BRIEF DESCRIPTION OF THE DRAWINGS
[0011] FIG. 1 is a schematic diagram of an inkjet printer including
an electrostatic tacking device to tack sheets of recording media
to a transport belt moving through a print zone and an
electrostatic adjusting device to adjust the electrostatic field in
the print zone.
[0012] FIG. 2 is a flow diagram of a method to adjust the
electrostatic field in a print zone of an ink jet printer
depositing ink on recording media transported through the print
zone by a transport belt.
[0013] FIG. 3 is a graph of a measured electrostatic field versus a
direct current bias on an electrostatic field producing
corotron.
[0014] FIG. 4 is a schematic diagram of a marking unit including a
moving belt configured to carry one or more media sheets past
printheads in a print zone in the marking unit.
DETAILED DESCRIPTION
[0015] For a general understanding of the environment for the
system and method disclosed herein as well as the details for the
system and method, the drawings are referenced throughout this
document. In the drawings, like reference numerals designate like
elements. As used herein, the word "printer" encompasses any
apparatus that performs a print outputting function for any
purpose, such as a digital copier, bookmaking machine, facsimile
machine, a multi-function machine, or the like. As used herein, the
term media sheet refers to a piece of recordable print media that
may receive images in a printer such as an inkjet printer. As used
herein, the term "print zone" refers to a section of a printing
device where media sheets move past one or more printheads. The
printheads eject ink onto the media sheets to form images, and may
form color images using inks having various different colors. The
print zone can also include a member that holds media sheets flat
to enable uniform printing. As used herein, the terms belt,
conveyor belt, and sheet carrying device all refer to a movable
member that is configured to carry one or more media sheets past
printheads arranged in a print zone. The belt moves through the
print zone in a direction referred to as a "process direction" and
the term "cross-process direction" is a direction that is
perpendicular to the process direction. The belt enters the print
zone from an "upstream" position and moves "downstream" in the
process direction through the print zone.

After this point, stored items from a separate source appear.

(* Fix $\lambda_p,\lambda_s\in(0,1)$ and $p_a\in(0,1]$. On the set of $p_q\in(0,1)$ for which $(\lambda_p,\lambda_s)$ is in the stable region, i.e. $\lambda_p<\frac{f_{sd}(1-p_q)\mu_p}{f_{sd}(1-p_q)+p_a f_{ps}(1-f_{pd})}$ and $\lambda_s<p_q f_{sd}(1-\lambda_p/\mu_p)$ with $\mu_p=f_{pd}+p_a f_{ps}(1-f_{pd})$, the average PU delay $D_p$ is monotonically increasing in $p_q$ and the average SU delay $D_s$ is monotonically decreasing in $p_q$.
   Context: Constants $f_{pd},f_{ps},f_{sd}\in(0,1)$ with $f_{pd}<f_{sd}$. Set $a=p_a f_{ps}(1-f_{pd})$, $\mu_p=f_{pd}+a$. $D_p=(N_p+N_{sp})/\lambda_p$ and $D_s=N_s/\lambda_s$, where $N_p=\frac{\lambda_p-\lambda_p^2}{\mu_p-\lambda_p}$, $N_{sp}=\frac{m\lambda_p^2+n\lambda_p}{\alpha\lambda_p^2+\beta\lambda_p+\gamma}$, $N_s=\frac{\lambda_p\lambda_s A+(\lambda_s^2-\lambda_s)B(B+\lambda_p)}{BC}$ with $m=a\big[\frac{(1-p_q)f_{sd}-f_{pd}}{\mu_p}-(1-p_q)f_{sd}-a\big]$, $n=a\mu_p$, $\alpha=(1-p_q)f_{sd}+a$, $\beta=\mu_p[-2(1-p_q)f_{sd}-a]$, $\gamma=(1-p_q)f_{sd}\mu_p^2$, $A=p_q f_{sd}(\mu_p-1)$, $B=\mu_p-\lambda_p$, $C=(\lambda_s-p_q f_{sd})\mu_p+p_q f_{sd}\lambda_p$. These are the average packet delays of the PU and SU in a cognitive relaying system where the SU serves its own queue w.p. $p_q$ (relay queue w.p. $1-p_q$) when the PU is idle, and admits undelivered overheard PU packets to its relay queue w.p. $p_a$. *)

theory Defs
  imports Complex_Main
begin

text \<open>Parameters: fpd fps fsd (channel success probabilities), pa (admission prob.),
  pq (SU own-queue prob.), lp = lambda_p, ls = lambda_s.\<close>

definition a_par :: "real \<Rightarrow> real \<Rightarrow> real \<Rightarrow> real" where
  "a_par fpd fps pa = pa * fps * (1 - fpd)"

definition mu_p :: "real \<Rightarrow> real \<Rightarrow> real \<Rightarrow> real" where
  "mu_p fpd fps pa = fpd + a_par fpd fps pa"

definition N_p :: "real \<Rightarrow> real \<Rightarrow> real \<Rightarrow> real \<Rightarrow> real" where
  "N_p fpd fps pa lp = (lp - lp^2) / (mu_p fpd fps pa - lp)"

definition N_sp :: "real \<Rightarrow> real \<Rightarrow> real \<Rightarrow> real \<Rightarrow> real \<Rightarrow> real \<Rightarrow> real" where
  "N_sp fpd fps fsd pa pq lp =
    (let a = a_par fpd fps pa; mu = mu_p fpd fps pa;
         m = a * (((1 - pq) * fsd - fpd) / mu - (1 - pq) * fsd - a);
         n = a * mu;
         \<alpha> = (1 - pq) * fsd + a;
         \<beta> = mu * (- 2 * (1 - pq) * fsd - a);
         \<gamma> = (1 - pq) * fsd * mu^2
     in (m * lp^2 + n * lp) / (\<alpha> * lp^2 + \<beta> * lp + \<gamma>))"

definition D_p :: "real \<Rightarrow> real \<Rightarrow> real \<Rightarrow> real \<Rightarrow> real \<Rightarrow> real \<Rightarrow> real" where
  "D_p fpd fps fsd pa pq lp = (N_p fpd fps pa lp + N_sp fpd fps fsd pa pq lp) / lp"

definition N_s :: "real \<Rightarrow> real \<Rightarrow> real \<Rightarrow> real \<Rightarrow> real \<Rightarrow> real \<Rightarrow> real \<Rightarrow> real" where
  "N_s fpd fps fsd pa pq lp ls =
    (let mu = mu_p fpd fps pa;
         A = pq * fsd * (mu - 1);
         B = mu - lp;
         C = (ls - pq * fsd) * mu + pq * fsd * lp
     in (lp * ls * A + (ls^2 - ls) * B * (B + lp)) / (B * C))"

definition D_s :: "real \<Rightarrow> real \<Rightarrow> real \<Rightarrow> real \<Rightarrow> real \<Rightarrow> real \<Rightarrow> real \<Rightarrow> real" where
  "D_s fpd fps fsd pa pq lp ls = N_s fpd fps fsd pa pq lp ls / ls"

definition stable :: "real \<Rightarrow> real \<Rightarrow> real \<Rightarrow> real \<Rightarrow> real \<Rightarrow> real \<Rightarrow> real \<Rightarrow> bool" where
  "stable fpd fps fsd pa pq lp ls \<longleftrightarrow>
     lp < fsd * (1 - pq) * mu_p fpd fps pa / (fsd * (1 - pq) + pa * fps * (1 - fpd)) \<and>
     ls < pq * fsd * (1 - lp / mu_p fpd fps pa)"

end

theory Submission
  imports Defs
begin

text \<open>
  Write a = a_par, mu = mu_p and B = mu - lp.  After clearing the inner
  fraction, both delays are linear-fractional functions of a quantity that depends
  monotonically on pq:
    N_sp = (P r + Q) / (r B^2 - B a lp)       with r = (1 - pq) fsd,
    D_s  = (P' q + Q') / (q B^2 - B ls mu)    with q = pq fsd,
  where P, Q, P', Q' \<ge> 0 do not depend on pq.  A function t \<mapsto> (P t + Q) / (t B - L)
  with nonnegative P, Q, L is antitone wherever its denominator is positive
  (lemma linear_fractional_antitone), and the two stability conditions imply
  that lp < mu and that both denominators are positive.  Since r decreases and q
  increases in pq, N_sp (hence D_p = (N_p + N_sp) / lp, where N_p does not depend
  on pq) increases and D_s decreases.
\<close>

lemma linear_fractional_antitone:
  fixes P Q B L x y :: real
  assumes "0 \<le> P" "0 \<le> Q" "0 < B" "0 \<le> L" "x \<le> y" "L < x * B"
  shows "(P * y + Q) / (y * B - L) \<le> (P * x + Q) / (x * B - L)"
proof -
  have den_x: "0 < x * B - L" using assms by simp
  have "x * B \<le> y * B" using assms by (simp add: mult_right_mono)
  hence den_y: "0 < y * B - L" using den_x by simp
  have "0 \<le> (y - x) * (P * L + Q * B)" using assms by (intro mult_nonneg_nonneg) auto
  hence "(P * y + Q) * (x * B - L) \<le> (P * x + Q) * (y * B - L)" by (simp add: algebra_simps)
  thus ?thesis using den_x den_y by (simp add: divide_simps)
qed

lemma service_rate_bounds:
  assumes "0 < fpd" "fpd < 1" "0 < fps" "fps < 1" "0 < pa" "pa \<le> 1"
  shows "0 < a_par fpd fps pa" "mu_p fpd fps pa = fpd + a_par fpd fps pa"
    "0 < mu_p fpd fps pa" "mu_p fpd fps pa < 1"
proof -
  have "pa * fps < 1" using assms mult_right_mono[of pa 1 fps] by linarith
  hence "a_par fpd fps pa < 1 - fpd" unfolding a_par_def using assms by simp
  moreover show "0 < a_par fpd fps pa" unfolding a_par_def using assms by simp
  moreover show mu: "mu_p fpd fps pa = fpd + a_par fpd fps pa" by (simp add: mu_p_def)
  ultimately show "0 < mu_p fpd fps pa" "mu_p fpd fps pa < 1" using assms by auto
qed

lemma N_sp_linear_fractional:
  assumes "mu_p fpd fps pa \<noteq> 0"
  defines "a \<equiv> a_par fpd fps pa" and "mu \<equiv> mu_p fpd fps pa"
  shows "N_sp fpd fps fsd pa pq lp =
    ((a * lp * lp * (1 - mu) / mu) * ((1 - pq) * fsd) + a * lp * (mu - lp * a - lp * fpd / mu))
      / (((1 - pq) * fsd) * (mu - lp)^2 - (mu - lp) * a * lp)"
proof -
  have mu: "mu = fpd + a" unfolding mu_def a_def mu_p_def by simp
  have "((1 - pq) * fsd + a) * lp^2 + (mu * (- 2 * (1 - pq) * fsd - a)) * lp
          + (1 - pq) * fsd * mu^2
      = ((1 - pq) * fsd) * (mu - lp)^2 - (mu - lp) * a * lp"
    using mu by (simp add: algebra_simps power2_eq_square)
  moreover have "(a * (((1 - pq) * fsd - fpd) / mu - (1 - pq) * fsd - a)) * lp^2 + (a * mu) * lp
      = (a * lp * lp * (1 - mu) / mu) * ((1 - pq) * fsd) + a * lp * (mu - lp * a - lp * fpd / mu)"
    using assms(1) unfolding mu_def by (simp add: field_simps power2_eq_square)
  ultimately show ?thesis unfolding N_sp_def Let_def a_def mu_def by simp
qed

text \<open>Normal form of D_s as a linear-fractional function of q = pq fsd; it needs the
  three factors of the denominator of N_s to be nonzero.\<close>
lemma D_s_linear_fractional:
  assumes "mu_p fpd fps pa \<noteq> lp" "ls \<noteq> 0"
    and "ls * mu_p fpd fps pa \<noteq> pq * fsd * (mu_p fpd fps pa - lp)"
  defines "mu \<equiv> mu_p fpd fps pa" and "q \<equiv> pq * fsd"
  shows "D_s fpd fps fsd pa pq lp ls =
    (lp * (1 - mu) * q + (1 - ls) * (mu - lp) * mu) / (q * (mu - lp)^2 - (mu - lp) * ls * mu)"
proof -
  have C: "(ls - q) * mu + q * lp \<noteq> 0"
    using assms(3) unfolding mu_def q_def by (simp add: algebra_simps)
  have den: "q * (mu - lp)^2 - (mu - lp) * ls * mu = - ((mu - lp) * ((ls - q) * mu + q * lp))"
    by (simp add: algebra_simps power2_eq_square)
  have num: "lp * ls * (q * (mu - 1)) + (ls^2 - ls) * (mu - lp) * ((mu - lp) + lp)
      = - (ls * (lp * (1 - mu) * q + (1 - ls) * (mu - lp) * mu))"
    by (simp add: algebra_simps power2_eq_square)
  have "N_s fpd fps fsd pa pq lp ls
      = (lp * ls * (q * (mu - 1)) + (ls^2 - ls) * (mu - lp) * ((mu - lp) + lp))
          / ((mu - lp) * ((ls - q) * mu + q * lp))"
    unfolding N_s_def Let_def mu_def q_def by (simp add: mult.assoc)
  thus ?thesis unfolding D_s_def num using den assms(1,2) C
    by (simp add: mu_def divide_divide_eq_left)
qed

lemma stable_denominators_pos:
  assumes "0 < a_par fpd fps pa" "0 < mu_p fpd fps pa" "0 < lp" "0 < fsd" "pq < 1"
    and "stable fpd fps fsd pa pq lp ls"
  defines "a \<equiv> a_par fpd fps pa" and "mu \<equiv> mu_p fpd fps pa"
  shows "lp < mu" "(mu - lp) * a * lp < ((1 - pq) * fsd) * (mu - lp)^2"
    "(mu - lp) * ls * mu < (pq * fsd) * (mu - lp)^2"
proof -
  have r: "0 < (1 - pq) * fsd" using assms by simp
  have stab: "lp < fsd * (1 - pq) * mu / (fsd * (1 - pq) + a)" "ls < pq * fsd * (1 - lp / mu)"
    using assms(6) unfolding stable_def a_def a_par_def mu_def by (simp_all only: mult.assoc)
  have "0 < fsd * (1 - pq) + a" using r assms(1) unfolding a_def by (simp add: mult.commute)
  hence "lp * (fsd * (1 - pq) + a) < fsd * (1 - pq) * mu" using stab(1) by (simp add: pos_less_divide_eq)
  hence pu: "a * lp < ((1 - pq) * fsd) * (mu - lp)" by (simp add: algebra_simps)
  moreover have "0 < a * lp" using assms(1,3) unfolding a_def by simp
  ultimately have "0 < ((1 - pq) * fsd) * (mu - lp)" by linarith
  thus lp_mu: "lp < mu" using r by (simp add: zero_less_mult_iff)
  show "(mu - lp) * a * lp < ((1 - pq) * fsd) * (mu - lp)^2"
    using mult_strict_left_mono[OF pu, of "mu - lp"] lp_mu
    by (simp add: algebra_simps power2_eq_square)
  have "ls * mu < pq * fsd * (1 - lp / mu) * mu" using stab(2) assms(2) unfolding mu_def by simp
  also have "\<dots> = pq * fsd * (mu - lp)" using assms(2) unfolding mu_def by (simp add: field_simps)
  finally have su: "ls * mu < pq * fsd * (mu - lp)" .
  show "(mu - lp) * ls * mu < (pq * fsd) * (mu - lp)^2"
    using mult_strict_left_mono[OF su, of "mu - lp"] lp_mu
    by (simp add: algebra_simps power2_eq_square)
qed

lemma N_sp_constant_pos:
  fixes a fpd lp mu :: real
  assumes "0 < a" "0 < fpd" "0 < lp" "mu = fpd + a" "mu < 1" "lp < mu"
  shows "0 < mu - lp * a - lp * fpd / mu"
proof -
  have mu_pos: "0 < mu" using assms by simp
  have "lp * a + lp * fpd / mu < mu * a + mu * fpd / mu"
    using assms mu_pos by (intro add_strict_mono mult_strict_right_mono divide_strict_right_mono) auto
  also have "\<dots> = mu * a + fpd" using mu_pos by simp
  also have "\<dots> < mu" using assms mult_strict_right_mono[of mu 1 a] by simp
  finally show ?thesis by simp
qed

lemma D_p_increasing:
  assumes "0 < fpd" "fpd < 1" "0 < fps" "fps < 1" "0 < fsd" "0 < lp" "lp < 1" "0 < pa" "pa \<le> 1"
    and "x \<le> y" "y < 1" "stable fpd fps fsd pa y lp ls"
  shows "D_p fpd fps fsd pa x lp \<le> D_p fpd fps fsd pa y lp"
proof -
  define a where "a = a_par fpd fps pa"
  define mu where "mu = mu_p fpd fps pa"
  note rate_bounds = service_rate_bounds[OF assms(1-4,8,9)]
  note rate = rate_bounds[folded a_def mu_def]
  note den = stable_denominators_pos[OF rate_bounds(1,3) assms(6,5,11,12), folded a_def mu_def]
  have "((a * lp * lp * (1 - mu) / mu) * ((1 - x) * fsd) + a * lp * (mu - lp * a - lp * fpd / mu))
          / (((1 - x) * fsd) * (mu - lp)^2 - (mu - lp) * a * lp)
      \<le> ((a * lp * lp * (1 - mu) / mu) * ((1 - y) * fsd) + a * lp * (mu - lp * a - lp * fpd / mu))
          / (((1 - y) * fsd) * (mu - lp)^2 - (mu - lp) * a * lp)"
  proof (rule linear_fractional_antitone)
    show "0 \<le> a * lp * lp * (1 - mu) / mu" using rate assms by simp
    show "0 \<le> a * lp * (mu - lp * a - lp * fpd / mu)"
      using N_sp_constant_pos[OF rate(1) assms(1,6) rate(2,4) den(1)] rate assms by simp
    show "0 < (mu - lp)^2" using den(1) by simp
    show "0 \<le> (mu - lp) * a * lp" using den(1) rate assms by simp
    show "(1 - y) * fsd \<le> (1 - x) * fsd" using assms by (intro mult_right_mono) auto
    show "(mu - lp) * a * lp < ((1 - y) * fsd) * (mu - lp)^2" using den(2) .
  qed
  hence "N_sp fpd fps fsd pa x lp \<le> N_sp fpd fps fsd pa y lp"
    using rate(3) by (simp add: N_sp_linear_fractional a_def mu_def)
  thus ?thesis unfolding D_p_def using assms by (simp add: divide_right_mono)
qed

lemma D_s_decreasing:
  assumes "0 < fpd" "fpd < 1" "0 < fps" "fps < 1" "0 < fsd" "0 < lp" "0 < ls" "ls < 1"
    and "0 < pa" "pa \<le> 1" "x \<le> y" "x < 1" "y < 1"
    and "stable fpd fps fsd pa x lp ls" "stable fpd fps fsd pa y lp ls"
  shows "D_s fpd fps fsd pa y lp ls \<le> D_s fpd fps fsd pa x lp ls"
proof -
  define mu where "mu = mu_p fpd fps pa"
  note rate_bounds = service_rate_bounds[OF assms(1-4,9,10)]
  note rate = rate_bounds[folded mu_def]
  note den_x = stable_denominators_pos[OF rate_bounds(1,3) assms(6,5,12,14), folded mu_def]
  note den_y = stable_denominators_pos[OF rate_bounds(1,3) assms(6,5,13,15), folded mu_def]
  have normal_form: "D_s fpd fps fsd pa z lp ls =
      (lp * (1 - mu) * (z * fsd) + (1 - ls) * (mu - lp) * mu)
        / ((z * fsd) * (mu - lp)^2 - (mu - lp) * ls * mu)"
    if "(mu - lp) * ls * mu < (z * fsd) * (mu - lp)^2" for z
  proof -
    have "(mu - lp) * (ls * mu) < (mu - lp) * (z * fsd * (mu - lp))"
      using that by (simp add: algebra_simps power2_eq_square)
    hence "ls * mu < z * fsd * (mu - lp)" using den_x(1) by simp
    thus ?thesis using D_s_linear_fractional[of fpd fps pa lp ls z fsd] den_x(1) assms(7)
      unfolding mu_def by simp
  qed
  have "(lp * (1 - mu) * (y * fsd) + (1 - ls) * (mu - lp) * mu)
          / ((y * fsd) * (mu - lp)^2 - (mu - lp) * ls * mu)
      \<le> (lp * (1 - mu) * (x * fsd) + (1 - ls) * (mu - lp) * mu)
          / ((x * fsd) * (mu - lp)^2 - (mu - lp) * ls * mu)"
  proof (rule linear_fractional_antitone)
    show "0 \<le> lp * (1 - mu)" using rate assms by simp
    show "0 \<le> (1 - ls) * (mu - lp) * mu" using den_x(1) rate assms by simp
    show "0 < (mu - lp)^2" using den_x(1) by simp
    show "0 \<le> (mu - lp) * ls * mu" using den_x(1) rate assms by simp
    show "x * fsd \<le> y * fsd" using assms by (intro mult_right_mono) auto
    show "(mu - lp) * ls * mu < (x * fsd) * (mu - lp)^2" using den_x(3) .
  qed
  thus ?thesis using normal_form[OF den_x(3)] normal_form[OF den_y(3)] by simp
qed

theorem lemma3:
  fixes fpd fps fsd pa lp ls :: real
  assumes "0 < fpd" "fpd < 1" "0 < fps" "fps < 1" "0 < fsd" "fsd < 1" "fpd < fsd"
    and "0 < lp" "lp < 1" "0 < ls" "ls < 1" "0 < pa" "pa \<le> 1"
  defines "S \<equiv> {pq. 0 < pq \<and> pq < 1 \<and> stable fpd fps fsd pa pq lp ls}"
  shows "mono_on S (\<lambda>pq. D_p fpd fps fsd pa pq lp) \<and>
         antimono_on S (\<lambda>pq. D_s fpd fps fsd pa pq lp ls)"
proof
  show "mono_on S (\<lambda>pq. D_p fpd fps fsd pa pq lp)"
    using assms D_p_increasing[of fpd fps fsd lp pa] unfolding S_def
    by (intro mono_onI) blast
  show "antimono_on S (\<lambda>pq. D_s fpd fps fsd pa pq lp ls)"
    using assms D_s_decreasing[of fpd fps fsd lp ls pa] unfolding S_def
    by (intro monotone_onI) blast
qed

end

[0016] FIG. 4 illustrates an inkjet printer 100 having elements
pertinent to the present disclosure. In the embodiment shown, the
printer 100 implements an inkjet print process for printing onto
sheets of recording media. Although the system and method for
adjusting electrostatic fields in a print zone are described below
with reference to the printers depicted in FIG. 1 and FIG. 4, the
subject method and apparatus disclosed herein can be used in any
printer, continuous web inkjet printer or cartridge inkjet
printers, having printheads which eject ink directly onto a web
image substrate or sheets of recording media.
[0017] FIG. 4 depicts a schematic view of an inkjet printer 100
including a moving belt 104 that is configured to carry media
sheets past printheads 136, 140, 144, and 148 for imaging
operations. The printer 100 further includes a steering roller 106,
a drive roller 108, a support plate or platen 112, a controller
116, and an actuator 128. A print zone 102 in the printer 100
includes the portion of the marking unit containing the printheads
136, 140, 144, and 148, the support plate 112, and the portion of
the belt 104 that moves over the support plate 112. A portion of
belt 104 extends between the steering roller 106 and the drive
roller 108 over support plate 112. In the embodiment of FIG. 4,
belt 104 is an endless belt that moves from the drive roller 108
through a belt tensioning assembly (omitted for clarity) and
returns to the steering roller 106. Drive roller 108 is operatively
connected to the actuator 128 that rotates the drive roller 108.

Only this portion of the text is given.